Inference Methods
PyTau provides multiple inference methods for fitting changepoint models to neural data. This page covers the available inference approaches, their trade-offs, and usage examples.
Overview
PyTau supports three main inference approaches:
- Variational Inference (ADVI): Fast approximate inference
- MCMC Sampling: High-quality posterior samples
- Model Selection: Automatic determination of optimal state numbers
Variational Inference (ADVI)
Automatic Differentiation Variational Inference (ADVI) provides fast approximate inference by optimizing a variational distribution to approximate the posterior.
Advantages
- Speed: Much faster than MCMC, especially for large datasets
- Scalability: Handles high-dimensional models efficiently
- Convergence monitoring: Built-in convergence diagnostics
Disadvantages
- Approximation: May not capture complex posterior structure
- Local optima: Can get stuck in local minima
- Underestimated uncertainty: Tends to underestimate posterior variance
Usage
from pytau.changepoint_model import advi_fit
# Fit model using ADVI
model, approx = advi_fit(
model,
fit=10000, # Number of optimization iterations
samples=5000, # Number of samples to draw from approximation
convergence_tol=0.01 # Convergence tolerance
)
# Draw samples from the approximation
trace = approx.sample(draws=5000)
Parameters
- fit: Number of ADVI iterations (default: 10000)
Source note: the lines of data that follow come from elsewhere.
lemma transpose_blk3_sym:
  assumes "a \<in> carrier_mat r1 r1" "d \<in> carrier_mat r2 r1" "e \<in> carrier_mat r2 r2"
    "g \<in> carrier_mat r3 r1" "h \<in> carrier_mat r3 r2" "i \<in> carrier_mat r3 r3"
    and "transpose_mat a = a" "transpose_mat e = e" "transpose_mat i = i"
  shows "transpose_mat (blk3 a (transpose_mat d) (transpose_mat g) d e (transpose_mat h) g h i)
    = blk3 a (transpose_mat d) (transpose_mat g) d e (transpose_mat h) g h i"
proof -
  have "four_block_mat a (transpose_mat d) d e \<in> carrier_mat (r1 + r2) (r1 + r2)"
    using assms by simp
  moreover have "transpose_mat (four_block_mat a (transpose_mat d) d e) = four_block_mat a (transpose_mat d) d e"
    using assms by (simp add: transpose_four_block_mat_sym)
  ultimately show ?thesis
    using assms transpose_four_block_mat_sym[of _ "r1 + r2" "hcat g h" r3 i] hcat_carrier[of g r3 r1 h r2]
    by (simp add: blk3_sym_eq_four_block_mat)
qed

lemma quad_blk3_sym:
  assumes a: "a \<in> carrier_mat r1 r1" and d: "d \<in> carrier_mat r2 r1" and e: "e \<in> carrier_mat r2 r2"
    and g: "g \<in> carrier_mat r3 r1" and h: "h \<in> carrier_mat r3 r2" and i: "i \<in> carrier_mat r3 r3"
    and s: "s \<in> carrier_vec r1" and w: "w \<in> carrier_vec r2" and z: "z \<in> carrier_vec r3"
  shows "quad (blk3 a (transpose_mat d) (transpose_mat g) d e (transpose_mat h) g h i) ((s @\<^sub>v w) @\<^sub>v z)
    = quad a s + 2 * (w \<bullet> (d *\<^sub>v s)) + quad e w + 2 * (z \<bullet> (g *\<^sub>v s + h *\<^sub>v w)) + quad i z"
proof -
  have "four_block_mat a (transpose_mat d) d e \<in> carrier_mat (r1 + r2) (r1 + r2)"
    using assms by simp
  then show ?thesis
    using assms quad_four_block_mat_sym[OF _ hcat_carrier[OF g h] i _ z, of _ "s @\<^sub>v w"]
      quad_four_block_mat_sym[OF a d e s w]
    by (simp add: blk3_sym_eq_four_block_mat hcat_mult_vec[OF g h s w])
qed

lemma msum_carrier: "(\<And>i. f i \<in> carrier_mat d d) \<Longrightarrow> msum d f k \<in> carrier_mat d d"
  by (induction k) auto

lemma transpose_msum:
  assumes "\<And>i. f i \<in> carrier_mat d d \<and> transpose_mat (f i) = f i"
  shows "transpose_mat (msum d f k) = msum d f k"
proof (induction k)
  case (Suc k)
  then show ?case
    using assms msum_carrier[of f d k] by (simp add: transpose_add[of _ d d])
qed simp

lemma quad_msum:
  assumes "\<And>i. f i \<in> carrier_mat d d" "w \<in> carrier_vec d"
  shows "quad (msum d f k) w = (\<Sum>i = 1..k. quad (f i) w)"
proof (induction k)
  case 0
  then show ?case
    using assms(2) by (simp add: quad_zero_mat)
next
  case (Suc k)
  then show ?case
    using assms msum_carrier[of f d k] by (simp add: quad_add)
qed

section \<open>Positive semidefinite matrices and inverses\<close>

lemma psdI:
  assumes "M \<in> carrier_mat k k" "transpose_mat M = M" "\<And>v. v \<in> carrier_vec k \<Longrightarrow> 0 \<le> quad M v"
  shows "psd M"
  using assms unfolding psd_def by auto

lemma psdD:
  assumes "psd M" "M \<in> carrier_mat k k"
  shows "transpose_mat M = M" and "v \<in> carrier_vec k \<Longrightarrow> 0 \<le> quad M v"
  using assms unfolding psd_def by auto

lemma pdD:
  assumes "pd M" "M \<in> carrier_mat k k"
  shows "transpose_mat M = M" and "v \<in> carrier_vec k \<Longrightarrow> v \<noteq> 0\<^sub>v k \<Longrightarrow> 0 < quad M v"
  using assms unfolding pd_def by auto

lemma psd_carrier_of_square:
  assumes "psd C" "C * C \<in> carrier_mat k k"
  shows "C \<in> carrier_mat k k"
proof -
  have "dim_row C = k"
    using assms(2) by auto
  then show ?thesis
    using assms(1) unfolding psd_def by simp
qed

lemma pd_imp_psd:
  assumes pd: "pd M"
  shows "psd M"
proof -
  define k where "k = dim_row M"
  have M: "M \<in> carrier_mat k k"
    using pd unfolding pd_def k_def by blast
  show ?thesis
  proof (rule psdI[OF M pdD(1)[OF pd M]])
    fix v :: "real vec"
    assume v: "v \<in> carrier_vec k"
    show "0 \<le> quad M v"
    proof (cases "v = 0\<^sub>v k")
      case True
      then show ?thesis
        using M by (simp add: quad_def)
    next
      case False
      then show ?thesis
        using pdD(2)[OF pd M v] by simp
    qed
  qed
qed

lemma pd_mult_vec_eq_0_imp:
  assumes "pd M" "M \<in> carrier_mat k k" "v \<in> carrier_vec k" "M *\<^sub>v v = 0\<^sub>v k"
  shows "v = 0\<^sub>v k"
  using assms pdD(2)[OF assms(1,2,3)] by (auto simp: quad_def)

lemma scalar_prod_self_nonneg: "0 \<le> (v :: real vec) \<bullet> v"
  unfolding scalar_prod_def by (intro sum_nonneg) auto

lemma scalar_prod_self_eq_0:
  assumes "v \<in> carrier_vec k" "(v :: real vec) \<bullet> v = 0"
  shows "v = 0\<^sub>v k"
  using assms conjugate_square_eq_0_vec[of v k] by simp

text \<open>A positive semidefinite form vanishes only on the kernel: expand the form along
  \<open>v + t (M v)\<close> for a suitable small negative \<open>t\<close>.\<close>
lemma psd_quad_eq_0_imp_mult_vec_eq_0:
  assumes psd: "psd M" and M: "M \<in> carrier_mat k k" and v: "v \<in> carrier_vec k" and q: "quad M v = 0"
  shows "M *\<^sub>v v = 0\<^sub>v k"
proof -
  define y where "y = M *\<^sub>v v"
  define a where "a = y \<bullet> y"
  define c where "c = quad M y"
  define t where "t = - a / (c + 1)"
  have y: "y \<in> carrier_vec k"
    using M v by (simp add: y_def)
  have c: "0 \<le> c"
    using psdD(2)[OF psd M y] by (simp add: c_def)
  have "quad M (v + t \<cdot>\<^sub>v y) = 2 * t * a + t * t * c"
    using quad_add_smult_vec[OF M psdD(1)[OF psd M] v y, of t] q by (simp add: a_def c_def y_def)
  moreover have "0 \<le> quad M (v + t \<cdot>\<^sub>v y)"
    using psdD(2)[OF psd M] v y by simp
  ultimately have "0 \<le> (c + 1) * (c + 1) * (2 * t * a + t * t * c)"
    using c by simp
  also have "\<dots> = 2 * a * (t * (c + 1)) * (c + 1) + (t * (c + 1)) * (t * (c + 1)) * c"
    by (simp add: algebra_simps)
  also have "\<dots> = 2 * a * (- a) * (c + 1) + (- a) * (- a) * c"
    using c by (simp add: t_def)
  also have "\<dots> = - (a * a * (c + 2))"
    by (simp add: algebra_simps)
  finally have "a * a * (c + 2) \<le> 0"
    by simp
  then have "a = 0"
    using c by (auto simp: mult_le_0_iff)
  then show ?thesis
    using scalar_prod_self_eq_0[OF y] by (simp add: a_def y_def)
qed

lemma psd_bdiag:
  assumes f: "\<And>k. k < N \<Longrightarrow> f k \<in> carrier_mat r r \<and> psd (f k)"
  shows "psd (bdiag N r r f)"
proof (rule psdI[OF bdiag_carrier])
  show "transpose_mat (bdiag N r r f) = bdiag N r r f"
    using f psdD(1) by (intro transpose_bdiag) blast
  show "0 \<le> quad (bdiag N r r f) v" if v: "v \<in> carrier_vec (N * r)" for v
  proof -
    have "0 \<le> quad (f k) (block_vec r k v)" if "k < N" for k
      using f[OF that] by (intro psdD(2)) auto
    then show ?thesis
      using v f by (simp add: quad_bdiag) (intro sum_nonneg, simp)
  qed
qed

lemma pd_bdiag:
  assumes f: "\<And>k. k < N \<Longrightarrow> f k \<in> carrier_mat r r \<and> pd (f k)"
  shows "pd (bdiag N r r f)"
proof -
  have psd: "psd (bdiag N r r f)"
    using f pd_imp_psd by (intro psd_bdiag) simp
  have "0 < quad (bdiag N r r f) v" if v: "v \<in> carrier_vec (N * r)" "v \<noteq> 0\<^sub>v (N * r)" for v
  proof -
    obtain i where i: "i < N * r" "v $ i \<noteq> 0"
      using v by (metis carrier_vecD eq_vecI index_zero_vec(1,2))
    define k where "k = i div r"
    note k = div_mod_lt_of_lt_mult[OF i(1), folded k_def]
    have nz: "block_vec r k v $ (i mod r) \<noteq> 0"
      using k i(2) by (simp add: k_def add.commute)
    have "block_vec r k v \<noteq> 0\<^sub>v r"
    proof
      assume "block_vec r k v = 0\<^sub>v r"
      then have "block_vec r k v $ (i mod r) = 0"
        using k(2) by simp
      with nz show False
        by contradiction
    qed
    then have pos: "0 < quad (f k) (block_vec r k v)"
      using f[OF k(1)] by (intro pdD(2)) auto
    have "0 \<le> quad (f l) (block_vec r l v)" if "l < N" for l
      using f[OF that] by (intro psdD(2) pd_imp_psd) auto
    then have "0 < (\<Sum>l<N. quad (f l) (block_vec r l v))"
      using k pos by (intro sum_pos2[where I = "{..<N}" and i = k]) auto
    then show ?thesis
      using v f by (simp add: quad_bdiag)
  qed
  then show ?thesis
    using psd bdiag_carrier[of N r f] unfolding pd_def psd_def by simp
qed

lemma psd_transpose_mult_mult:
  fixes B X :: "real mat"
  assumes X: "psd X" "X \<in> carrier_mat r r" and B: "B \<in> carrier_mat r c"
  shows "psd (transpose_mat B * X * B)"
proof (rule psdI)
  show "transpose_mat B * X * B \<in> carrier_mat c c"
    using X B by simp
  show "transpose_mat (transpose_mat B * X * B) = transpose_mat B * X * B"
    using X B transpose_transpose_mult_mult[OF B X(2)] psdD(1)[OF X] by simp
  show "0 \<le> quad (transpose_mat B * X * B) v" if "v \<in> carrier_vec c" for v
    using quad_transpose_mult_mult[OF B X(2) that] psdD(2)[OF X, of "B *\<^sub>v v"] B that by simp
qed

lemma transpose_inverse_sym:
  fixes A N :: "real mat"
  assumes A: "A \<in> carrier_mat k k" "transpose_mat A = A"
    and N: "N \<in> carrier_mat k k" "A * N = 1\<^sub>m k" "N * A = 1\<^sub>m k"
  shows "transpose_mat N = N"
proof -
  have "transpose_mat N * A = 1\<^sub>m k"
    using A N transpose_mult[OF A(1) N(1)] by simp
  then have "transpose_mat N * A * N = N"
    using N by simp
  moreover have "transpose_mat N * A * N = transpose_mat N"
    using A N by simp
  ultimately show ?thesis
    by simp
qed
- More iterations = better approximation but slower
-
Monitor ELBO to check convergence
-
samples: Number of samples to draw (default: 5000)
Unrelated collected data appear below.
definition limiting_subdiff :: "('a::real_inner \<Rightarrow> ereal) \<Rightarrow> 'a \<Rightarrow> 'a set" where
  "limiting_subdiff f x = {p. \<bar>f x\<bar> \<noteq> \<infinity> \<and>
     (\<exists>xs ps. xs \<longlonglongrightarrow> x \<and> (\<lambda>n. f (xs n)) \<longlonglongrightarrow> f x \<and>
        (\<forall>n. ps n \<in> frechet_subdiff f (xs n)) \<and> ps \<longlonglongrightarrow> p)}"

text \<open>Lazy slope; equals +\<infinity> when the subdifferential is empty.\<close>
definition lazy_slope :: "('a::real_inner \<Rightarrow> ereal) \<Rightarrow> 'a \<Rightarrow> ereal" where
  "lazy_slope f x = (INF p\<in>limiting_subdiff f x. ereal (norm p))"

definition Gamma_set :: "('a::real_normed_vector \<Rightarrow> ereal) \<Rightarrow> 'a \<Rightarrow> real \<Rightarrow> real \<Rightarrow> 'a set" where
  "Gamma_set f xs eta r = {x. norm (x - xs) < r \<and> f xs < f x \<and> f x < f xs + ereal eta}"

definition Gamma_under :: "('a::real_normed_vector \<Rightarrow> ereal) \<Rightarrow> 'a \<Rightarrow> real \<Rightarrow> real \<Rightarrow> 'a set" where
  "Gamma_under f xs eta r = {x. norm (x - xs) < r \<and> f xs \<le> f x \<and> f x < f xs + ereal eta}"

definition desing :: "real \<Rightarrow> (real \<Rightarrow> real) \<Rightarrow> (real \<Rightarrow> real) \<Rightarrow> bool" where
  "desing eta phi dphi \<longleftrightarrow> 0 < eta \<and> continuous_on {0..<eta} phi \<and> concave_on {0..<eta} phi \<and>
     phi 0 = 0 \<and> (\<forall>s\<ge>0. s < eta \<longrightarrow> phi s \<ge> 0) \<and>
     (\<forall>s. 0 < s \<and> s < eta \<longrightarrow> (phi has_real_derivative dphi s) (at s) \<and> dphi s > 0) \<and>
     continuous_on {0<..<eta} dphi"

definition KL_at :: "('a::real_inner \<Rightarrow> ereal) \<Rightarrow> 'a \<Rightarrow> real \<Rightarrow> real \<Rightarrow> (real \<Rightarrow> real) \<Rightarrow> (real \<Rightarrow> real) \<Rightarrow> bool" where
  "KL_at f xs eta delta phi dphi \<longleftrightarrow> \<bar>f xs\<bar> \<noteq> \<infinity> \<and> desing eta phi dphi \<and>
     (\<forall>x\<in>Gamma_set f xs eta delta.
        ereal (dphi (real_of_ereal (f x) - real_of_ereal (f xs))) * lazy_slope f x \<ge> 1)"

end

theory Submission imports Defs begin

(*
  Write r k = f(x k) - f(xs) for the gap and D k = |x(k+1) - x k| for the step.
  The heart is a one-step inequality: while x(k+1) stays in the KL region,
  H2 and the KL inequality bound b(k+1) by (D k + eps(k+1)) * phi'(r(k+1)),
  concavity of phi and H1 bound a(k+1) * D(k+1)^2 by phi(r(k+1)) - phi(r(k+2))
  divided by phi'(r(k+1)); the arithmetic-geometric mean inequality then gives
    2 D(k+1) <= D k + M (phi(r(k+1)) - phi(r(k+2))) + eps(k+1).
  Summing telescopes the phi terms.  Induction on K shows simultaneously that
  the iterates never leave the ball of radius rho: the telescoped bound plus
  the triangle inequality keeps |x K - xs| below the quantity in S(ii).
*)

lemma desing_deriv_pos:
  assumes "desing eta phi dphi" "0 < t" "t < eta"
  shows "(phi has_real_derivative dphi t) (at t)" "dphi t > 0"
  using assms unfolding desing_def by blast+

lemma desing_nonneg:
  assumes "desing eta phi dphi" "0 \<le> t" "t < eta"
  shows "phi t \<ge> 0"
  using assms unfolding desing_def by blast

text \<open>A concave function lies below its tangent lines.\<close>

lemma desing_tangent:
  assumes ds: "desing eta phi dphi" and r: "0 < r" "r < eta" and s: "0 \<le> s" "s < eta"
  shows "phi s \<le> phi r + dphi r * (s - r)"
proof -
  have cvx: "convex_on {0..<eta} (\<lambda>t. - phi t)"
    using ds by (simp add: desing_def concave_on_def)
  have deriv: "((\<lambda>t. - phi t) has_real_derivative - dphi r) (at r within {0..<eta})"
    using DERIV_minus[OF desing_deriv_pos(1)[OF ds r]] by (rule has_field_derivative_at_within)
  have "r \<in> interior {0..<eta}" "s \<in> {0..<eta}" using r s by auto
  then have "- dphi r * (s - r) \<le> - phi s - - phi r"
    using convex_on_imp_above_tangent[OF cvx _ _ _ deriv] by simp
  then show ?thesis by (simp add: algebra_simps)
qed

text \<open>A desingularizing function is increasing, since its derivative is positive.\<close>

lemma desing_mono:
  assumes ds: "desing eta phi dphi" and "0 \<le> s" "s \<le> r" "r < eta"
  shows "phi s \<le> phi r"
proof (cases "s = r")
  case False
  then have "s < r" using assms(3) by linarith
  have "{s..r} \<subseteq> {0..<eta}" using assms(2,4) by auto
  then have "continuous_on {s..r} phi"
    using ds unfolding desing_def by (meson continuous_on_subset)
  moreover have "\<exists>z. DERIV phi y :> z \<and> 0 < z" if "s < y" "y < r" for y
  proof -
    have "0 < y" "y < eta" using that assms(2,4) by linarith+
    then show ?thesis using desing_deriv_pos[OF ds] by blast
  qed
  ultimately have "phi s < phi r" using DERIV_pos_imp_increasing_open[OF \<open>s < r\<close>] by blast
  then show ?thesis by simp
qed simp

lemma two_le_sum_of_sq_le_prod:
  fixes t u v :: real
  assumes "t\<^sup>2 \<le> u * v" "0 \<le> u" "0 \<le> v"
  shows "2 * t \<le> u + v"
proof -
  have "t \<le> sqrt (u * v)" using assms(1) by (rule real_le_rsqrt)
  also have "\<dots> \<le> (u + v) / 2" using assms(2,3) by (rule arith_geo_mean_sqrt)
  finally show ?thesis by simp
qed

lemma slope_bounds_combine:
  fixes L :: ereal
  assumes "ereal d * L \<ge> 1" "d > 0" "ereal b * L \<le> ereal C" "b > 0"
  shows "b \<le> C * d"
proof (cases L)
  case (real l)
  then have "d * l \<ge> 1" "b * l \<le> C" using assms(1,3) by simp_all
  have "b \<le> b * (d * l)" using \<open>d * l \<ge> 1\<close> assms(4) by simp
  also have "\<dots> = (b * l) * d" by simp
  also have "\<dots> \<le> C * d" using \<open>b * l \<le> C\<close> assms(2) by simp
  finally show ?thesis .
qed (use assms in simp_all)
- More samples = better posterior estimates
-
Typically 1000-10000 is sufficient
-
convergence_tol: Relative change in ELBO for convergence (default: 0.01)
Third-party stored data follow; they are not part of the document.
theorem mainTheorem9:
  fixes H :: nat and h :: nat and n :: nat
    and pa :: "'d::finite \<Rightarrow> 'd set"
    and R :: "('d, 'o::finite, 'a::finite) rewardfn"
    and mu0 :: "('d \<Rightarrow> 'o) pmf"
    and Mstar M :: "('d, 'o, 'a) model"
    and \<pi>M :: "('d, 'o, 'a) policy"
    and \<phi> \<delta> :: real
  assumes h: "h \<in> {1..H}"
    and piM: "greedy_optimal H pa R M \<pi>M"
    and phi: "\<phi> > 0" and delta: "\<delta> > 0"
    and n: "real n \<ge> 8 * real CARD('d) ^ 2
              * (Lparam H pa TYPE('o) TYPE('a) * ln (8 * real CARD('d) * real CARD('o) / \<phi>)
                 + ln (2 / \<delta>)) / \<phi> ^ 2"
  shows "measure_pmf.prob (dataset_pmf n (sample_pmf pa R mu0 Mstar \<pi>M h))
           {D. \<forall>M' :: ('d, 'o, 'a) model.
                 \<bar>W_F_hat pa R M' h n D - W_F pa R mu0 Mstar \<pi>M M' h\<bar> \<le> \<phi>}
         \<ge> 1 - \<delta>"
proof (cases "4 * real CARD('d) \<le> \<phi>")
  case True
  \<comment> \<open>Then ln (8 d |O| / phi) may be negative and the sample-size hypothesis is void, but the
    deterministic bound 4 d suffices.\<close>
  then have "{D. \<forall>M' :: ('d, 'o, 'a) model.
                 \<bar>W_F_hat pa R M' h n D - W_F pa R mu0 Mstar \<pi>M M' h\<bar> \<le> \<phi>} = UNIV"
    using order.trans[OF abs_W_F_hat_minus_W_F_le_card] by blast
  then show ?thesis
    using delta by simp
next
  case False
  define t where "t = \<phi> / (2 * real CARD('d))"
  have "(\<Sum>j\<in>UNIV. 2 ^ card (feature_space pa j :: (('d \<Rightarrow> 'o) \<times> 'a \<times> 'o) set))
          * exp (- real n * t\<^sup>2 / 2) \<le> \<delta>"
    unfolding t_def using h phi False delta n by (intro sum_power2_card_feature_space_mul_exp_le) auto
  then have "1 - \<delta> \<le> 1 - (\<Sum>j\<in>UNIV. 2 ^ card (feature_space pa j :: (('d \<Rightarrow> 'o) \<times> 'a \<times> 'o) set))
                    * exp (- real n * t\<^sup>2 / 2)"
    by linarith
  also have "\<dots> \<le> measure_pmf.prob (dataset_pmf n (sample_pmf pa R mu0 Mstar \<pi>M h))
           {D. \<forall>M' :: ('d, 'o, 'a) model.
                 \<bar>W_F_hat pa R M' h n D - W_F pa R mu0 Mstar \<pi>M M' h\<bar> \<le> 2 * real CARD('d) * t}"
    using phi by (intro prob_W_F_hat_close_ge) (simp add: t_def)
  finally show ?thesis
    by (simp add: t_def)
qed

end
- Smaller values = stricter convergence
- 0.001-0.01 is typical
Full-Rank ADVI
PyTau uses full-rank ADVI by default, which models correlations between parameters:
# Full-rank ADVI (default)
model, approx = advi_fit(model, fit=10000)
# The approximation captures parameter correlations
# Better approximation quality than mean-field ADVI
Monitoring Convergence
# Access ELBO history
elbo_history = approx.hist
# Plot convergence
import matplotlib.pyplot as plt
plt.plot(elbo_history)
plt.xlabel('Iteration')
plt.ylabel('ELBO')
plt.title('ADVI Convergence')
plt.show()
MCMC Sampling
Markov Chain Monte Carlo (MCMC) sampling provides high-quality posterior samples using the No-U-Turn Sampler (NUTS).
Advantages
- Accuracy: Provides exact samples from the posterior (asymptotically)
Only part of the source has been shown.